Rudy Riccioti publie « Insoumission: Pour la survie de l'architecture » aux éditions Albin Michel (2025)


Rudy Ricciotti cœur de béton
Rudy Riciotti à l'inauguration d'Arkéa Arena dont il est l'architecte, Bordeaux, 24 janvier 2018 © UGO AMEZ/SIPA

Le génial architecte a un caractère bien trempé. Dans Insoumission, il livre un coup de gueule contre la bureaucratie et les normes qui encadrent le BTP, au détriment de la création, des ouvriers et des artisans.


À la vie comme à la guerre ! Rudy Ricciotti ne connaît qu’une grammaire existentielle, celle du combat. Qu’il aime ou qu’il bâtisse, discute avec ses commanditaires ou assiste à une corrida, c’est l’arme au poing. Il lui faut contester, défier, résister. Ce qui lui vaut sans doute dans quelques ministères – et parfois aussi chez ses amis – une solide réputation d’emmerdeur et de grande gueule ingérable. Mais aussi d’architecte génial, un de ceux à qui on confie les missions impossibles et les projets où doit souffler l’esprit. Il les raconte, comme autant de batailles dans un livre qui lui ressemble : foutraque, colérique, bouillonnant, brouillonnant. Et traversé en continu par une tension vitale, une volonté de créer – pas pour ériger de jolis bâtiments, pour faire jaillir la beauté et apporter sa pierre à la grande aventure humaine. Regard de braise et verbe haut, ce drôle de zèbre, hybride improbable entre latin lover et Gaulois réfractaire, s’efforce ainsi depuis quarante-quatre ans de donner corps et âme à une matière que seuls les financiers et les fonctionnaires peuvent croire inanimée. Celle qu’il vénère et s’emploie à plier à ses exigences, c’est le béton, matériau hautement masculin qu’il accommode en dentelles, résilles et draperies. Mais pour percer ses secrets, comme ceux d’une femme aimée, il faut du temps, de la détermination et le secours de ces ingénieurs, artisans et ouvriers pour qui le réel ne se réduit pas à des équations.
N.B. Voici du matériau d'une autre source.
definition bnd :: "(nat \<Rightarrow> 'c set) \<Rightarrow> (nat \<Rightarrow> 'c \<Rightarrow> 'c \<Rightarrow> real) \<Rightarrow> nat \<Rightarrow> 'c chain \<Rightarrow> 'c chain" where
  "bnd cell w k c = (\<lambda>\<rho>. if \<rho> \<in> cell k then (\<Sum>\<tau>\<in>cell (Suc k). c \<tau> * w (Suc k) \<tau> \<rho>) else 0)"

text \<open>coef sigma tau = <sigma, d_{k+1} tau>, the (tau,sigma) entry of the matrix D_k\<close>
definition coef :: "(nat \<Rightarrow> 'c set) \<Rightarrow> (nat \<Rightarrow> 'c \<Rightarrow> 'c \<Rightarrow> real) \<Rightarrow> nat \<Rightarrow> 'c chain \<Rightarrow> 'c chain \<Rightarrow> real" where
  "coef cell w k \<sigma> \<tau> = ip (cell k) \<sigma> (bnd cell w k \<tau>)"

definition incident :: "(nat \<Rightarrow> 'c set) \<Rightarrow> (nat \<Rightarrow> 'c \<Rightarrow> 'c \<Rightarrow> real) \<Rightarrow> nat \<Rightarrow> 'c chain \<Rightarrow> 'c chain \<Rightarrow> bool" where
  "incident cell w k \<sigma> \<tau> \<longleftrightarrow> coef cell w k \<sigma> \<tau> \<noteq> 0"

definition cell_complex :: "(nat \<Rightarrow> 'c set) \<Rightarrow> (nat \<Rightarrow> 'c \<Rightarrow> 'c \<Rightarrow> real) \<Rightarrow> bool" where
  "cell_complex cell w \<longleftrightarrow> (\<forall>k. finite (cell k)) \<and> (\<forall>k \<tau> \<rho>. w k \<tau> \<rho> \<in> {-1, 0, 1})"

definition is_basis :: "'c set \<Rightarrow> 'c chain set \<Rightarrow> bool" where
  "is_basis K B \<longleftrightarrow> finite B \<and> B \<subseteq> chains K
     \<and> (\<forall>a. (\<lambda>x. \<Sum>b\<in>B. a b * b x) = (\<lambda>x. 0) \<longrightarrow> (\<forall>b\<in>B. a b = 0))
     \<and> (\<forall>c\<in>chains K. \<exists>a. c = (\<lambda>x. \<Sum>b\<in>B. a b * b x))"

definition is_complex_basis :: "(nat \<Rightarrow> 'c set) \<Rightarrow> (nat \<Rightarrow> 'c chain set) \<Rightarrow> bool" where
  "is_complex_basis cell B \<longleftrightarrow> (\<forall>k. is_basis (cell k) (B k))"

definition is_matching :: "(nat \<Rightarrow> 'c set) \<Rightarrow> (nat \<Rightarrow> 'c \<Rightarrow> 'c \<Rightarrow> real) \<Rightarrow> nat
     \<Rightarrow> (nat \<Rightarrow> 'c chain set) \<Rightarrow> ('c chain \<times> 'c chain) list \<Rightarrow> bool" where
  "is_matching cell w k B M \<longleftrightarrow> distinct (map fst M) \<and> distinct (map snd M)
     \<and> (\<forall>(\<sigma>,\<tau>)\<in>set M. \<sigma> \<in> B k \<and> \<tau> \<in> B (Suc k) \<and> incident cell w k \<sigma> \<tau>)"

text \<open>no cycle tau_1 > sigma_1 < tau_2 > ... < tau_h > sigma_h < tau_1, h >= 2, tau_i distinct\<close>
definition acyclic_matching :: "(nat \<Rightarrow> 'c set) \<Rightarrow> (nat \<Rightarrow> 'c \<Rightarrow> 'c \<Rightarrow> real) \<Rightarrow> nat
     \<Rightarrow> (nat \<Rightarrow> 'c chain set) \<Rightarrow> ('c chain \<times> 'c chain) list \<Rightarrow> bool" where
  "acyclic_matching cell w k B M \<longleftrightarrow> is_matching cell w k B M \<and>
     \<not> (\<exists>h p. h \<ge> 2 \<and> (\<forall>i<h. p i \<in> set M) \<and> inj_on (\<lambda>i. snd (p i)) {..<h}
            \<and> (\<forall>i<h. incident cell w k (fst (p i)) (snd (p (Suc i mod h)))))"

text \<open>one step of the change of basis B . M_k, using the pair (sigma_i, tau_i); Us = {tau_1..tau_n}\<close>
definition cob_step :: "(nat \<Rightarrow> 'c set) \<Rightarrow> (nat \<Rightarrow> 'c \<Rightarrow> 'c \<Rightarrow> real) \<Rightarrow> nat \<Rightarrow> 'c chain set
     \<Rightarrow> (nat \<Rightarrow> 'c chain set) \<Rightarrow> 'c chain \<times> 'c chain \<Rightarrow> (nat \<Rightarrow> 'c chain set)" where
  "cob_step cell w k Us B p = B (Suc k := (\<lambda>t. if t \<in> Us then t else
       (\<lambda>x. t x - coef cell w k (fst p) t / coef cell w k (fst p) (snd p) * snd p x)) ` B (Suc k))"

definition change_basis :: "(nat \<Rightarrow> 'c set) \<Rightarrow> (nat \<Rightarrow> 'c \<Rightarrow> 'c \<Rightarrow> real) \<Rightarrow> nat
     \<Rightarrow> (nat \<Rightarrow> 'c chain set) \<Rightarrow> ('c chain \<times> 'c chain) list \<Rightarrow> (nat \<Rightarrow> 'c chain set)" where
  "change_basis cell w k B M = foldl (cob_step cell w k (set (map snd M))) B M"

end

theory Submission
  imports Defs "Jordan_Normal_Form.Determinant"
begin
lemma homotopic_paths_mop:
  assumes "homotopic_paths UNIV p p'" "homotopic_paths UNIV q q'"
  shows "homotopic_paths UNIV (\<lambda>t. mop (p t) (q t)) (\<lambda>t. mop (p' t) (q' t))"
proof -
  obtain g where g: "continuous_on unit_square g" "\<forall>x\<in>{0..1}. g (0, x) = p x \<and> g (1, x) = p' x"
      "\<forall>s\<in>{0..1}. g (s, 0) = p 0 \<and> g (s, 1) = p 1"
    using assms(1) unfolding homotopic_paths pathstart_def pathfinish_def by auto
  obtain h where h: "continuous_on unit_square h" "\<forall>x\<in>{0..1}. h (0, x) = q x \<and> h (1, x) = q' x"
      "\<forall>s\<in>{0..1}. h (s, 0) = q 0 \<and> h (s, 1) = q 1"
    using assms(2) unfolding homotopic_paths pathstart_def pathfinish_def by auto
  have "continuous_on unit_square (\<lambda>z. mop (g z) (h z))"
    using g(1) h(1) by (rule continuous_on_mop) (intro convex_Times convex_real_interval)
  then show ?thesis
    unfolding homotopic_paths pathstart_def pathfinish_def using g h
    by (intro exI[of _ "\<lambda>z. mop (g z) (h z)"]) auto
qed

lemma arrangement_gaps_homotopic_reindex:
  assumes loops: "\<forall>n\<ge>1. loop_at e (\<alpha> n)" and null: "null_sequence e \<alpha>"
    and \<phi>: "bij_betw \<phi> {1..} {1..}"
  shows "homotopic_paths UNIV (arrangement e gap_left gap_right \<alpha>)
    (arrangement e gap_left gap_right (\<lambda>n. \<alpha> (\<phi> n)))"
proof -
  define \<psi> where "\<psi> = inv_into {1..} \<phi>"
  have \<psi>: "bij_betw \<psi> {1..} {1..}" unfolding \<psi>_def by (rule bij_betw_inv_into[OF \<phi>])
  interpret gaps: arranged_loops mop e gap_left gap_right \<alpha>
    by unfold_locales (fact disjoint_intervals_gaps loops null)+
  interpret permuted: arranged_loops mop e "\<lambda>n. gap_left (\<psi> n)" "\<lambda>n. gap_right (\<psi> n)" \<alpha>
    by unfold_locales (fact disjoint_intervals_reindex[OF disjoint_intervals_gaps \<psi>] loops null)+
  show ?thesis
    unfolding arrangement_reindex[OF disjoint_intervals_gaps \<phi>] \<psi>_def[symmetric]
    using gaps.arrangement_homotopic_standard permuted.arrangement_homotopic_standard
    by (meson homotopic_paths_sym homotopic_paths_trans)
qed

end

lemma homotopic_paths_cantor_reparam:
  "path \<beta> \<Longrightarrow> homotopic_paths UNIV \<beta> (\<beta> \<circ> cantor_fun)"
  by (rule homotopic_paths_reparametrize[where f = cantor_fun])
    (auto intro: continuous_on_subset[OF continuous_cantor_fun]
      simp: cantor_fun_0 cantor_fun_1 cantor_fun_nonneg cantor_fun_le_1)

theorem mainTheorem14:
  fixes mop :: "'a::topological_space \<Rightarrow> 'a \<Rightarrow> 'a" and e b :: 'a
    and \<alpha> :: "nat \<Rightarrow> real \<Rightarrow> 'a" and \<beta> \<beta>' :: "real \<Rightarrow> 'a" and \<phi> :: "nat \<Rightarrow> nat"
  assumes "pre_delta_monoid mop e"
    and "path_connected (UNIV :: 'a set)"
    and "\<forall>n\<ge>1. loop_at e (\<alpha> n)"
    and "null_sequence e \<alpha>"
    and "path \<beta>" "pathstart \<beta> = e" "pathfinish \<beta> = b"
    and "path \<beta>'" "pathstart \<beta>' = e" "pathfinish \<beta>' = b"
    and "homotopic_paths UNIV \<beta> \<beta>'"
    and "bij_betw \<phi> {1..} {1..}"
  shows "homotopic_paths UNIV (transfinite_slide mop \<beta> \<alpha>)
           (transfinite_slide mop \<beta>' (\<lambda>n. \<alpha> (\<phi> n)))"
proof -
  interpret pre_delta mop e by unfold_locales (rule assms(1))
  have "homotopic_paths UNIV (\<beta> \<circ> cantor_fun) (\<beta>' \<circ> cantor_fun)"
    using homotopic_paths_cantor_reparam[OF assms(5)] homotopic_paths_cantor_reparam[OF assms(8)]
      assms(11)
    by (meson homotopic_paths_sym homotopic_paths_trans)
  then show ?thesis
    unfolding transfinite_slide_eq_arrangement
    using homotopic_paths_mop arrangement_gaps_homotopic_reindex[OF assms(3,4,12)]
    by (simp add: o_def)
qed

end
(* Consider the miners' game with $n$ miners $s_1,\dots,s_n$, parameters $R>0$, $N>0$, unit prices $\lambda_1,\dots,\lambda_n>0$, where miner $s_i$ chooses $\mu_i\ge0$ and receives profit $P_i=\frac{\mu_i}{\sum_{j=1}^n\mu_j}RN-\lambda_i\mu_i$ (the fraction being $0$ if $\sum_j\mu_j=0$). Let $q$ be the number of miners with a nonzero strategy in a Nash equilibrium of this game. Then $q\ge 2$.
   Context: A Nash equilibrium is a profile $(\mu_1^*,\dots,\mu_n^* )$ with all $\mu_i^*\ge 0$ such that no miner $s_i$ can strictly increase $P_i$ by unilaterally changing $\mu_i^*$ to another value $\mu_i\ge0$. *)

theory Defs
  imports Complex_Main
begin

text \<open>Miners are indexed by 1..n; a strategy profile is mu :: nat => real
  (values outside 1..n are irrelevant). Profit of miner i.\<close>
definition miner_profit ::
  "nat \<Rightarrow> real \<Rightarrow> real \<Rightarrow> (nat \<Rightarrow> real) \<Rightarrow> (nat \<Rightarrow> real) \<Rightarrow> nat \<Rightarrow> real" where
  "miner_profit n R N lam mu i =
     (if (\<Sum>j=1..n. mu j) = 0 then 0 else mu i / (\<Sum>j=1..n. mu j) * R * N) - lam i * mu i"

definition miners_nash_eq ::
  "nat \<Rightarrow> real \<Rightarrow> real \<Rightarrow> (nat \<Rightarrow> real) \<Rightarrow> (nat \<Rightarrow> real) \<Rightarrow> bool" where
  "miners_nash_eq n R N lam mu \<longleftrightarrow>
     (\<forall>i\<in>{1..n}. mu i \<ge> 0) \<and>
     (\<forall>i\<in>{1..n}. \<forall>m::real. m \<ge> 0 \<longrightarrow>
        \<not> (miner_profit n R N lam (mu(i := m)) i > miner_profit n R N lam mu i))"

end

theory Submission
  imports Defs
begin

text \<open>If at most one miner were active, that miner would face the profit
  \<open>R N - \<lambda> m\<close> for every stake \<open>m > 0\<close> and \<open>0\<close> for \<open>m = 0\<close>: this has supremum \<open>R N\<close>
  but no maximiser, so halving a positive stake, or entering with a small one,
  is a profitable deviation.\<close>

lemma sum_fun_upd_single:
  fixes f :: "'a \<Rightarrow> 'b::comm_monoid_add"
  assumes "finite A" and "k \<in> A" and "\<forall>j\<in>A - {k}. f j = 0"
  shows "sum (f(k := m)) A = m"
proof -
  have "sum (f(k := m)) A = (\<Sum>j\<in>A. if j = k then m else 0)"
    using assms(3) by (intro sum.cong) auto
  also have "\<dots> = m"
    using assms(1,2) by simp
  finally show ?thesis .
qed

lemma miner_profit_lone_miner:
  assumes "k \<in> {1..n}" and "\<forall>j\<in>{1..n} - {k}. mu j = 0"
  shows "miner_profit n R N lam (mu(k := m)) k = (if m = 0 then 0 else R * N - lam k * m)"
  using sum_fun_upd_single[of "{1..n}" k mu m] assms by (simp add: miner_profit_def)

lemma lone_miner_not_nash_eq:
  assumes "R > 0" and "N > 0" and "lam k > 0"
    and "k \<in> {1..n}" and "\<forall>j\<in>{1..n} - {k}. mu j = 0"
  shows "\<not> miners_nash_eq n R N lam mu"
proof
  assume nash: "miners_nash_eq n R N lam mu"
  define profit where "profit m = miner_profit n R N lam (mu(k := m)) k" for m
  have profit_eq: "profit m = (if m = 0 then 0 else R * N - lam k * m)" for m
    unfolding profit_def using miner_profit_lone_miner[OF assms(4,5)] .
  have no_gain: "\<not> profit m > profit (mu k)" if "m \<ge> 0" for m
    using nash assms(4) that unfolding miners_nash_eq_def profit_def by simp
  have "mu k \<ge> 0"
    using nash assms(4) unfolding miners_nash_eq_def by simp
  have "R * N > 0"
    using assms(1,2) by simp
  show False
  proof (cases "mu k = 0")
    case True
    have "profit (R * N / (2 * lam k)) = R * N / 2"
      using \<open>R * N > 0\<close> assms(3) by (simp add: profit_eq field_simps)
    then have "profit (R * N / (2 * lam k)) > profit (mu k)"
      using True \<open>R * N > 0\<close> by (simp add: profit_eq)
    with no_gain show False
      using \<open>R * N > 0\<close> assms(3) by simp
  next
    case False
    then have "profit (mu k / 2) > profit (mu k)"
      using \<open>mu k \<ge> 0\<close> assms(3) by (simp add: profit_eq)
    with no_gain show False
      using \<open>mu k \<ge> 0\<close> by simp
  qed
qed

theorem corollary2:
  fixes n :: nat and R N :: real and lam mu :: "nat \<Rightarrow> real"
  assumes "n \<ge> 1" and "R > 0" and "N > 0"
    and "\<forall>i\<in>{1..n}. lam i > 0"
    and "miners_nash_eq n R N lam mu"
  shows "card {i\<in>{1..n}. mu i \<noteq> 0} \<ge> 2"
proof (rule ccontr)
  let ?active = "{i\<in>{1..n}. mu i \<noteq> 0}"
  assume "\<not> card ?active \<ge> 2"
  then have "card ?active \<le> Suc 0"
    by simp
  then obtain k where "k \<in> {1..n}" and "?active \<subseteq> {k}"
    using assms(1) by (cases "?active = {}") (auto simp: card_le_Suc0_iff_eq)
  then have "\<forall>j\<in>{1..n} - {k}. mu j = 0"
    by blast
  with lone_miner_not_nash_eq assms(2-5) \<open>k \<in> {1..n}\<close> show False
    by blast
qed

end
Sur le chantier, chacun sait qu’une erreur, une seconde d’inattention peuvent être fatales – occasionnant au mieux dégâts et surcoûts – au pire catastrophe et victimes. Aussi y règne-t-il la même fraternité que dans les tranchées. Cette camaraderie n’exclut pas, évidemment, le respect de la hiérarchie, ni des engueulades homériques. On se parle d’homme à homme y compris avec les femmes. Mais face au feu, la compétence prime sur le grade. Et, du manœuvre au commanditaire, tous ripaillent pour la pose du drapeau, « un rituel que les groupes du BTP s’efforcent d’éduquer à grand renfort de petits fours et d’eau gazeuse ». Les cochons.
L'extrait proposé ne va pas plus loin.